Stored data entries
(* For all integers $1\le r\le n$, $m(n,r)\le m(n,r-1)\,p(n,r)$.
   Context: $m(n,r)$ denotes the number of matroids of rank $r$ on the ground set $[n]=\{1,\dots,n\}$, and $p(n,r)$ the number of paving matroids of rank $r$ on $[n]$ (rank-$r$ matroids all of whose circuits have at least $r$ elements). *)

theory Defs
  imports Main
begin

definition matroid :: "'a set \<Rightarrow> 'a set set \<Rightarrow> bool" where
  "matroid E \<I> \<longleftrightarrow>
     (\<forall>X\<in>\<I>. X \<subseteq> E) \<and>
     {} \<in> \<I> \<and>
     (\<forall>X Y. X \<in> \<I> \<and> Y \<subseteq> X \<longrightarrow> Y \<in> \<I>) \<and>
     (\<forall>X Y. X \<in> \<I> \<and> Y \<in> \<I> \<and> card X < card Y \<longrightarrow>
        (\<exists>y\<in>Y - X. insert y X \<in> \<I>))"

definition matroid_rank :: "'a set set \<Rightarrow> nat \<Rightarrow> bool" where
  "matroid_rank \<I> r \<longleftrightarrow> (\<exists>B\<in>\<I>. card B = r) \<and> (\<forall>X\<in>\<I>. card X \<le> r)"

definition circuit :: "'a set \<Rightarrow> 'a set set \<Rightarrow> 'a set \<Rightarrow> bool" where
  "circuit E \<I> C \<longleftrightarrow> C \<subseteq> E \<and> C \<notin> \<I> \<and> (\<forall>D. D \<subset> C \<longrightarrow> D \<in> \<I>)"

definition paving :: "'a set \<Rightarrow> 'a set set \<Rightarrow> nat \<Rightarrow> bool" where
  "paving E \<I> r \<longleftrightarrow> matroid E \<I> \<and> matroid_rank \<I> r \<and>
     (\<forall>C. circuit E \<I> C \<longrightarrow> card C \<ge> r)"

definition num_matroids :: "nat \<Rightarrow> nat \<Rightarrow> nat" where
  "num_matroids n r = card {\<I>. matroid {1..n} \<I> \<and> matroid_rank \<I> r}"

definition num_paving :: "nat \<Rightarrow> nat \<Rightarrow> nat" where
  "num_paving n r = card {\<I>. paving {1..n} \<I> r}"

end

theory Submission
  imports Defs
begin

text \<open>
  A rank-\<open>r\<close> matroid \<open>M\<close> is encoded by its truncation \<open>T\<close> (the independent sets of
  size \<open>< r\<close>, a matroid of rank \<open>r - 1\<close>) and a paving matroid \<open>P\<close> of rank \<open>r\<close>.
  Inside each hyperplane \<open>H\<close> of \<open>M\<close> choose greedily, in the order of the ground set, a block
  \<open>B \<subseteq> H\<close>: an element of \<open>H\<close> is skipped iff it is spanned by an independent set of size
  at most \<open>r - 2\<close> of earlier chosen elements. Then every element of \<open>H\<close> is spanned in this
  way by \<open>B\<close>, and two distinct blocks cannot share \<open>r - 1\<close> elements, because a circuit
  inside the common part would make its largest element skipped. Hence declaring independent all
  sets of size \<open>< r\<close> and the \<open>r\<close>-sets contained in no block of size \<open>\<ge> r\<close> gives a
  paving matroid \<open>P\<close>. Spanning by sets of size \<open>\<le> r - 2\<close> is visible in \<open>T\<close>, so
  \<open>M\<close> can be read off from \<open>T\<close> and \<open>P\<close>: an \<open>r\<close>-set with an independent
  \<open>(r - 1)\<close>-subset is dependent iff it is spanned in this way by a set containing no basis
  of \<open>P\<close>. Thus \<open>M \<mapsto> (T, P)\<close> is injective.
\<close>

lemma finite_matroids: "finite E \<Longrightarrow> finite {I. matroid E I}"
  by (rule finite_subset[of _ "Pow (Pow E)"]) (auto simp: matroid_def)

subsection \<open>Greedy selection\<close>

fun greedy_prefix :: "(nat set \<Rightarrow> nat \<Rightarrow> bool) \<Rightarrow> nat set \<Rightarrow> nat \<Rightarrow> nat set" where
  "greedy_prefix sp H 0 = {}"
| "greedy_prefix sp H (Suc k) =
     (if k \<in> H \<and> \<not> (\<exists>Z\<subseteq>greedy_prefix sp H k. sp Z k)
      then insert k (greedy_prefix sp H k) else greedy_prefix sp H k)"

definition greedy_part :: "(nat set \<Rightarrow> nat \<Rightarrow> bool) \<Rightarrow> nat set \<Rightarrow> nat set" where
  "greedy_part sp H = (\<Union>k. greedy_prefix sp H k)"

lemma greedy_prefix_subset: "greedy_prefix sp H k \<subseteq> H \<inter> {..<k}"
  by (induction k) auto

lemma greedy_prefix_mono: "k \<le> l \<Longrightarrow> greedy_prefix sp H k \<subseteq> greedy_prefix sp H l"
  by (induction rule: dec_induct) auto

lemma greedy_prefix_lessThan: "k \<le> l \<Longrightarrow> greedy_prefix sp H l \<inter> {..<k} = greedy_prefix sp H k"
proof (induction rule: dec_induct)
  case base
  show ?case using greedy_prefix_subset[of sp H k] by auto
next
  case (step n)
  then show ?case by auto
qed

lemma greedy_part_lessThan: "greedy_part sp H \<inter> {..<k} = greedy_prefix sp H k"
proof
  show "greedy_part sp H \<inter> {..<k} \<subseteq> greedy_prefix sp H k"
  proof
    fix e assume "e \<in> greedy_part sp H \<inter> {..<k}"
    then obtain l where e: "e \<in> greedy_prefix sp H l" "e < k"
      unfolding greedy_part_def by auto
    show "e \<in> greedy_prefix sp H k"
    proof (cases "l \<le> k")
      case True
      then show ?thesis using e greedy_prefix_mono by blast
    next
      case False
      then show ?thesis using e greedy_prefix_lessThan[of k l sp H] by auto
    qed
  qed
  show "greedy_prefix sp H k \<subseteq> greedy_part sp H \<inter> {..<k}"
    using greedy_prefix_subset[of sp H k] unfolding greedy_part_def by auto
qed

lemma greedy_part_iff:
  "e \<in> greedy_part sp H \<longleftrightarrow> e \<in> H \<and> \<not> (\<exists>Z\<subseteq>greedy_part sp H \<inter> {..<e}. sp Z e)"
proof -
  have "e \<in> greedy_part sp H \<longleftrightarrow> e \<in> greedy_part sp H \<inter> {..<Suc e}"
    by simp
  also have "\<dots> \<longleftrightarrow> e \<in> greedy_prefix sp H (Suc e)"
    by (simp only: greedy_part_lessThan)
  also have "\<dots> \<longleftrightarrow> e \<in> H \<and> \<not> (\<exists>Z\<subseteq>greedy_prefix sp H e. sp Z e)"
    using greedy_prefix_subset[of sp H e] by auto
  also have "\<dots> \<longleftrightarrow> e \<in> H \<and> \<not> (\<exists>Z\<subseteq>greedy_part sp H \<inter> {..<e}. sp Z e)"
    by (simp only: greedy_part_lessThan)
  finally show ?thesis .
qed

lemma greedy_part_subset: "greedy_part sp H \<subseteq> H"
  using greedy_part_iff by blast

lemma greedy_part_spans:
  "e \<in> H \<Longrightarrow> e \<notin> greedy_part sp H \<Longrightarrow> \<exists>Z\<subseteq>greedy_part sp H. sp Z e"
  using greedy_part_iff[of e sp H] by blast

lemma greedy_part_not_spans:
  "e \<in> greedy_part sp H \<Longrightarrow> Z \<subseteq> greedy_part sp H \<Longrightarrow> \<forall>z\<in>Z. z < e \<Longrightarrow> \<not> sp Z e"
  using greedy_part_iff[of e sp H] by blast
definition uniqueness_of_past :: "('p,'a) amodel \<Rightarrow> bool" where
  "uniqueness_of_past U \<longleftrightarrow> (\<forall>w w1 w2. (w1, w) \<in> etmp U \<and> (w2, w) \<in> etmp U \<longrightarrow> w1 = w2)"

definition perfect_recall :: "('p,'a) amodel \<Rightarrow> bool" where
  "perfect_recall U \<longleftrightarrow> (\<forall>a w v v'. (w, v) \<in> etmp U \<and> (v, v') \<in> erel U a
      \<longrightarrow> (\<exists>w'. (w, w') \<in> erel U a \<and> (w', v') \<in> etmp U))"

definition epistemic_past_state :: "'u itself \<Rightarrow> ('p,'a) amodel \<Rightarrow> ev \<Rightarrow> bool" where
  "epistemic_past_state TY U s \<longleftrightarrow> past_state U s \<and> valid TY (pre U s)
     \<and> (\<forall>a t. (s, t) \<in> erel U a \<longleftrightarrow> t = s)"

definition history_preservation :: "'u itself \<Rightarrow> ('p,'a) amodel \<Rightarrow> bool" where
  "history_preservation TY U \<longleftrightarrow>
     (\<forall>s' s. (s', s) \<in> etmp U \<longrightarrow> valid TY (fimp (pre U s) (pre U s')))
     \<and> (\<forall>s. past_state U s \<longrightarrow> epistemic_past_state TY U s)"

definition rdetl_props :: "'u itself \<Rightarrow> ('p,'a) amodel \<Rightarrow> bool" where
  "rdetl_props TY U \<longleftrightarrow> wf_am U \<and> depth_defined U \<and> knowledge_of_past U
     \<and> history_preservation TY U \<and> knowledge_of_initial_time U \<and> uniqueness_of_past U
     \<and> perfect_recall U"

primrec in_ydel :: "('p,'a) fm \<Rightarrow> bool" where
  "in_ydel (Atom p) = True"
| "in_ydel (Neg f) = in_ydel f"
| "in_ydel (Conj f g) = (in_ydel f \<and> in_ydel g)"
| "in_ydel (Box a f) = in_ydel f"
| "in_ydel (Yest f) = in_ydel f"
| "in_ydel (Act E R T P s f) =
     (wf_am (mk_am E R T P) \<and> atemporal (mk_am E R T P) \<and> Flat \<notin> E
      \<and> (\<forall>t \<in> E. in_ydel (P t)) \<and> s \<in> E \<and> in_ydel f)"

definition ydel_am :: "('p,'a) amodel \<Rightarrow> bool" where
  "ydel_am U \<longleftrightarrow> wf_am U \<and> Flat \<notin> evs U \<and> (\<forall>t \<in> evs U. in_ydel (pre U t))"

primrec in_rdetl :: "'u itself \<Rightarrow> ('p,'a) fm \<Rightarrow> bool" where
  "in_rdetl TY (Atom p) = True"
| "in_rdetl TY (Neg f) = in_rdetl TY f"
| "in_rdetl TY (Conj f g) = (in_rdetl TY f \<and> in_rdetl TY g)"
| "in_rdetl TY (Box a f) = in_rdetl TY f"
| "in_rdetl TY (Yest f) = in_rdetl TY f"
| "in_rdetl TY (Act E R T P s f) =
     (rdetl_props TY (mk_am E R T P) \<and> (\<forall>t \<in> E. in_rdetl TY (P t)) \<and> s \<in> E \<and> in_rdetl TY f)"

definition in_Act_rdetl :: "'u itself \<Rightarrow> ('p,'a) amodel \<Rightarrow> bool" where
  "in_Act_rdetl TY U \<longleftrightarrow> rdetl_props TY U \<and> (\<forall>t \<in> evs U. in_rdetl TY (pre U t))"

primrec sharp :: "('p,'a) fm \<Rightarrow> ('p,'a) fm" where
  "sharp (Atom p) = Atom p"
| "sharp (Neg f) = Neg (sharp f)"
| "sharp (Conj f g) = Conj (sharp f) (sharp g)"
| "sharp (Box a f) = Box a (sharp f)"
| "sharp (Yest f) = Yest (sharp f)"
| "sharp (Act E R T P s f) =
     Act (insert Flat E) (\<lambda>a. R a \<union> {(Flat, Flat)}) ({Flat} \<times> E)
         (\<lambda>t. if t = Flat then ftop else sharp (P t)) s (sharp f)"

definition sharp_am :: "('p,'a) amodel \<Rightarrow> ('p,'a) amodel" where
  "sharp_am U = \<lparr> evs = insert Flat (evs U),
                  erel = (\<lambda>a. erel U a \<union> {(Flat, Flat)}),
                  etmp = {Flat} \<times> evs U,
                  pre = (\<lambda>t. if t = Flat then ftop else sharp (pre U t)) \<rparr>"

end

theory Submission
  imports Defs
begin

text \<open>The translation prepends to the events of U a single fresh past state \<open>\<flat>\<close> that
  temporally precedes every event and sees only itself. So every history of \<open>U\<^sup>\<sharp>\<close> is
  \<open>[\<flat>]\<close> or \<open>[\<flat>, s]\<close>, which gives depth-definedness, and all remaining conditions on
  \<open>U\<^sup>\<sharp>\<close> reduce to the facts that \<open>\<flat>\<close> is not an event of U and that U's epistemic
  relations stay inside its events. Preconditions are translated by the same recipe, so a
  structural induction shows that \<open>\<sharp>\<close> maps L_YDEL into L_RDETL.\<close>

lemma valid_ftop: "valid TY ftop"
  by (simp add: valid_def ftop_def fbot_def)

lemma valid_fimp_ftop: "valid TY (fimp f ftop)"
  by (simp add: valid_def ftop_def fbot_def fimp_def)

lemma in_rdetl_ftop: "in_rdetl TY ftop"
  by (simp add: ftop_def fbot_def)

Directions for this task - Please give the number of lines in the entries that contain the word "simp", and nothing besides it.

Exercise solution - 7